How to use Custom Action Distributions for this?

How severe does this issue affect your experience of using Ray?

  • Medium: It contributes to significant difficulty to complete my task, but I can work around it.

I have a custom network that’s outputting an N x M matrix of probabilities. These are essentially stacked Categorical distributions. So, if I have 4 x 5 matrix, it’s 4 independent distributions over the same 5 options. The 5 options are something like, up/down/left/right/noop.

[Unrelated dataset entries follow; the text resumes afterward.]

lemma tsubst_cong: "(\<And>x. x \<in> tvars t \<Longrightarrow> \<sigma> x = \<tau> x) \<Longrightarrow> tsubst \<sigma> t = tsubst \<tau> t"
  by (induction t) auto

lemma asubst_cong: "(\<And>x. x \<in> avars a \<Longrightarrow> \<sigma> x = \<tau> x) \<Longrightarrow> asubst \<sigma> a = asubst \<tau> a"
  by (cases a) (auto intro: tsubst_cong)

lemma tsubst_Var: "tsubst Var t = t"
  by (induction t) (auto simp: map_idI)

lemma asubst_Var: "asubst Var = id"
proof
  fix a :: "('p,'f,'v) atm"
  show "asubst Var a = id a" by (cases a) (auto simp: tsubst_Var map_idI)
qed

lemma asubst_ground: "ground_atm a \<Longrightarrow> asubst \<sigma> a = a"
  using asubst_cong[of a \<sigma> Var] by (simp add: ground_atm_def asubst_Var)

lemma ground_asubst: "(\<And>x. tvars (\<sigma> x) = {}) \<Longrightarrow> ground_atm (asubst \<sigma> a)"
  by (simp add: avars_asubst ground_atm_def)

lemma finite_tvars: "finite (tvars t)"
  by (induction t) auto

lemma finite_avars: "finite (avars a)"
  by (cases a) (auto simp: finite_tvars)

lemma pred_closed_asubst_iff: "pred_closed S \<Longrightarrow> asubst \<sigma> a \<in> S \<longleftrightarrow> a \<in> S"
  unfolding pred_closed_def by (cases a) (metis asubst.simps length_map)

lemma teval_tsubst: "teval F \<sigma> (tsubst \<theta> t) = teval F (teval F \<sigma> \<circ> \<theta>) t"
  by (induction t) (auto simp: comp_def intro!: arg_cong[where f="F _"] map_cong)

lemma asat_asubst: "asat M \<sigma> (asubst \<theta> a) = asat M (teval (fst M) \<sigma> \<circ> \<theta>) a"
  by (cases M; cases a) (auto simp: teval_tsubst comp_def)

lemma teval_cong: "(\<And>x. x \<in> tvars t \<Longrightarrow> \<sigma> x = \<tau> x) \<Longrightarrow> teval F \<sigma> t = teval F \<tau> t"
  by (induction t) (auto intro!: arg_cong[where f="F _"] map_cong)

lemma asat_cong: "(\<And>x. x \<in> avars a \<Longrightarrow> \<sigma> x = \<tau> x) \<Longrightarrow> asat M \<sigma> a = asat M \<tau> a"
proof (cases M; cases a)
  fix F P p ts assume "\<And>x. x \<in> avars a \<Longrightarrow> \<sigma> x = \<tau> x" "M = (F, P)" "a = Atm p ts"
  then show ?thesis by (auto intro!: arg_cong[where f="P p"] map_cong teval_cong)
qed

lemma asat_ground: "ground_atm a \<Longrightarrow> asat M \<sigma> a = asat M \<tau> a"
  by (rule asat_cong) (auto simp: ground_atm_def)

lemma ct_entails_if_consistent:
  "ct_consistent CT S \<Longrightarrow> c \<in> S \<Longrightarrow> ground_atm c \<Longrightarrow> ct_entails CT c"
  unfolding ct_consistent_def ct_entails_def using asat_ground by metis

lemma ct_consistent_if_entails:
  "finite S \<Longrightarrow> (\<And>c. c \<in> S \<Longrightarrow> ct_entails CT c) \<Longrightarrow> ct_consistent CT S"
  unfolding ct_consistent_def ct_entails_def by auto

lemma ct_consistent_if_instance:
  assumes "ct_consistent CT (asubst \<theta> ` S)" "finite S"
  shows "ct_consistent CT S"
  using assms unfolding ct_consistent_def by (metis asat_asubst image_eqI)

lemma eq_mod_gc_refl: "eq_mod_gc CT A s A s"
  unfolding eq_mod_gc_def ct_set_equiv_def ct_atm_equiv_def by blast

lemma finite_dleaves: "finite (dleaves T)"
  by (induction T) auto

lemma dleaves_DNode_nth: "dleaves (DNode a r ts) = (\<Union>i<length ts. dleaves (ts ! i))"
  by (auto simp: in_set_conv_nth) (use nth_mem in blast)

lemma avars_dleaves_subset:
  "c \<in> dleaves T \<Longrightarrow> avars c \<subseteq> lvars (dlabel T) \<union> \<Union> (set (dintros T))"
proof (induction T)
  case (DNode a r ts)
  then obtain t where t: "t \<in> set ts" "c \<in> dleaves t" by auto
  define X where "X = \<Union> (set (map (lvars \<circ> dlabel) ts)) - avars a"
  have "lvars (dlabel t) \<subseteq> avars a \<union> X" and "X \<in> set (dintros (DNode a r ts))"
    using t(1) by (auto simp: X_def)
  moreover have "set (dintros t) \<subseteq> set (dintros (DNode a r ts))"
    using t(1) by auto
  ultimately have "avars c \<subseteq> avars a \<union> \<Union> (set (dintros (DNode a r ts)))"
    using DNode.IH[OF t] by blast
  then show ?case by simp
qed auto

lemma map_dlabel_eq_None: "map dlabel ts = [None] \<Longrightarrow> ts = [DTrue]"
  by (cases ts) (auto elim: dlabel.elims)

lemma aba_wf_dleaves: "aba_wf Rg Ag T \<Longrightarrow> dleaves T \<subseteq> Ag"
  by (induction T) auto

lemma ground_rule_with_constraint_head:
  assumes "pred_closed Cs" "\<forall>r\<in>R. fst r \<notin> Cs" "r \<in> ground_rules Cs R CT" "fst r \<in> Cs"
  shows "snd r = [] \<and> ground_atm (fst r) \<and> ct_entails CT (fst r)"
  using assms unfolding ground_rules_def by (force simp: pred_closed_asubst_iff)

lemma ground_rule_with_rule_head:
  assumes "r \<in> ground_rules Cs R CT" "fst r \<notin> Cs"
  shows "\<exists>h b \<sigma>. (h, b) \<in> R \<and> r = (asubst \<sigma> h, map (asubst \<sigma>) b)"
proof -
  have "r \<notin> {(c, []) | c. c \<in> Cs \<and> ground_atm c \<and> ct_entails CT c}"
    using assms(2) by auto
  then show ?thesis
    using assms(1) unfolding ground_rules_def by blast
qed

lemma aba_claim_ground_in_Lc:
  assumes "pred_closed Lc" "Cs \<subseteq> Lc" "Asm \<subseteq> Lc" "\<forall>r\<in>R. fst r \<in> Lc"
    and "aba_wf (ground_rules Cs R CT) (ground_asms Asm) T" "dlabel T = Some s"
  shows "ground_atm s \<and> s \<in> Lc"
  using assms by (cases T) (auto simp: ground_rules_def ground_asms_def pred_closed_asubst_iff)

lemma c_inst_trans:
  assumes pcC: "pred_closed Cs" and "\<beta> \<in> c_inst Cs CT \<gamma>" and "\<gamma> \<in> c_inst Cs CT \<alpha>"
  shows "\<beta> \<in> c_inst Cs CT \<alpha>"
proof -
  obtain C A Rs s where \<alpha>: "\<alpha> = (C, A, Rs, s)" by (cases \<alpha>)
  from assms(3) obtain \<theta> D where D: "D \<subseteq> Cs"
    and \<gamma>: "\<gamma> = (asubst \<theta> ` C \<union> D, asubst \<theta> ` A, Rs, asubst \<theta> s)"
    unfolding c_inst_def \<alpha> by auto
  from assms(2) obtain \<theta>' D' where D': "D' \<subseteq> Cs"
    and \<beta>: "\<beta> = (asubst \<theta>' ` (asubst \<theta> ` C \<union> D) \<union> D', asubst \<theta>' ` asubst \<theta> ` A, Rs,
                asubst \<theta>' (asubst \<theta> s))"
    and cons: "ct_consistent CT (asubst \<theta>' ` (asubst \<theta> ` C \<union> D) \<union> D')"
    unfolding c_inst_def \<gamma> by auto
  define \<phi> where "\<phi> = tsubst \<theta>' \<circ> \<theta>"
  define D'' where "D'' = asubst \<theta>' ` D \<union> D'"
  have "\<beta> = (asubst \<phi> ` C \<union> D'', asubst \<phi> ` A, Rs, asubst \<phi> s)"
    by (simp add: \<beta> \<phi>_def D''_def image_Un image_image asubst_asubst Un_assoc)
  moreover have "D'' \<subseteq> Cs"
    using D D' pred_closed_asubst_iff[OF pcC] by (auto simp: D''_def)
  moreover have "ct_consistent CT (asubst \<phi> ` C \<union> D'')"
    using cons by (simp add: \<phi>_def D''_def image_Un image_image asubst_asubst Un_assoc)
  ultimately show ?thesis
    unfolding c_inst_def \<alpha> by blast
qed

lemma c_inst_refl:
  assumes "\<beta> \<in> c_inst Cs CT \<alpha>"
  shows "\<beta> \<in> c_inst Cs CT \<beta>"
proof -
  obtain C A Rs s where \<beta>: "\<beta> = (C, A, Rs, s)" by (cases \<beta>)
  have "ct_consistent CT C"
    using assms unfolding c_inst_def \<beta> by (cases \<alpha>) auto
  then show ?thesis
    unfolding \<beta> c_inst_def prod.case mem_Collect_eq
    by (intro exI[of _ Var] exI[of _ "{}"]) (simp add: asubst_Var)
qed

lemma mem_gr_c_inst_c_args:
  assumes "pred_closed Cs"
  shows "\<beta> \<in> gr_c_inst Cs CT (c_args Lc Cs R CT Asm) \<longleftrightarrow>
    ground_carg \<beta> \<and> (\<exists>\<alpha>. tight_arg Lc Cs R CT Asm \<alpha> \<and> \<beta> \<in> c_inst Cs CT \<alpha>)"
proof
  assume "\<beta> \<in> gr_c_inst Cs CT (c_args Lc Cs R CT Asm)"
  then obtain \<gamma> \<alpha> where "ground_carg \<beta>" "\<beta> \<in> c_inst Cs CT \<gamma>" "\<gamma> \<in> c_inst Cs CT \<alpha>"
      "tight_arg Lc Cs R CT Asm \<alpha>"
    unfolding gr_c_inst_def c_args_def by blast
  then show "ground_carg \<beta> \<and> (\<exists>\<alpha>. tight_arg Lc Cs R CT Asm \<alpha> \<and> \<beta> \<in> c_inst Cs CT \<alpha>)"
    using c_inst_trans[OF assms] by blast
next
  assume "ground_carg \<beta> \<and> (\<exists>\<alpha>. tight_arg Lc Cs R CT Asm \<alpha> \<and> \<beta> \<in> c_inst Cs CT \<alpha>)"
  then obtain \<alpha> where "ground_carg \<beta>" "tight_arg Lc Cs R CT Asm \<alpha>" "\<beta> \<in> c_inst Cs CT \<alpha>"
    by blast
  moreover from this have "\<beta> \<in> c_args Lc Cs R CT Asm"
    unfolding c_args_def by blast
  ultimately show "\<beta> \<in> gr_c_inst Cs CT (c_args Lc Cs R CT Asm)"
    unfolding gr_c_inst_def using c_inst_refl by blast
qed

I want to sample from each distribution a variable number of times per step. Let’s say my 4 options are cars/trucks/busses/bikes. In my simulation I might have 2 cars, 1 truck, no busses, and 6 bikes. So my vehicles are an array like [2, 1, 0, 6], and I want to draw that many times from each respectively indexed distribution. So post-sample, I expect a matrix that might look like:

[[1, 0, 0, 1, 0], ← cars
[0, 0, 1, 0, 0],
[0, 0, 0, 0, 0],
[3, 0, 2, 1, 0]] ← bikes

I’m struggling to figure out how to implement this sampling appropriately through Rllib. In particular, I can’t figure out how to stick this logic into a Custom Action Distribution.

I’ve got the torch logic to DO the sampling in hand, I think my question essentially:

  • Is a custom action distribution the right place to do this sampling?
  • if so, how should I pass the list of available vehicles to the action_dist each step?
  • should I instead pass the network output, unsampled, to the env, and have this sampling occur in the env?
  • should I be trying to recreate this sampling approach with the built-in action spaces?

I guess another way to ask this question is: how do I sample a variable number of times from a MultiDiscrete?

Where the number of times I sample changes per-step.

@drj great question! From what I read it sounds to me that this problem could be better formulated as a multi-agent problem with multiple policies and multiple agents (N x M, so the same policy could be used by all cars and trained by their experiences, each car would then act by the sample from the distribution when rolled out, so they would all act differently but similar). Like this you do not have to hack these distributions into a single one for a single policy that steers all agents in the environment.

You can try to take a look into our MultiAgentEnv and into the multi-agent examples.

@Lars_Simon_Zehnder thanks so much! I probably actually oversimplified my problem when I was explaining it.

I actually already have this formulated as a hierarchical, multiagent problem. My lower-level is exactly what you described, with a policy for each vehicle-type that makes individual choices.

My high-level agent is choosing the starting point for these vehicles – which “cell” they initialize in. For problem-specific reasons, I think this kind of learned initialization will help the overall system performance a lot. And on any given episode, I have different distributions of lower-level agents, so I need to be able to “place” different distributions of vehicles.

Does that make sense?

@drj, alright got you. Thanks for the explanation.

Would it work, if the high-level agent uses our TorchMultiCategoricalDistribution? That can choose basically for N different agents from M different cells.

Btw see here for an hierarchcial example.

Ahh, I see – so basically my Distribution just becomes a list of CategoricalDistributions.

I guess the tricky thing is that I want to sample an uneven number of times from each CategoricalDistribution. So I can’t just do [cat.sample() for cat in self._cats] since I may want to sample twice from the cars Distribution, and zero times from the bikes distribution.

Can I pass additional inputs to sample, logp, etc? I’ll have a 1-D tensor called something like vehicles in my obs that gives the number of each vehicle-type available in that step, like: [2, 1, 0, 6]. So I’d want to do something like def sample(self, vehicles):. I assume I’d need to further modify the code that calls the ActionDistribution.

Or, is the better option to sample N times, where N is max(vehicles), in this case 6, and then in my env handle throwing away the samples that don’t have a corresponding vehicle available. In my head that would be sort of like action masking, but after sampling, and I don’t know if that works algorithmically.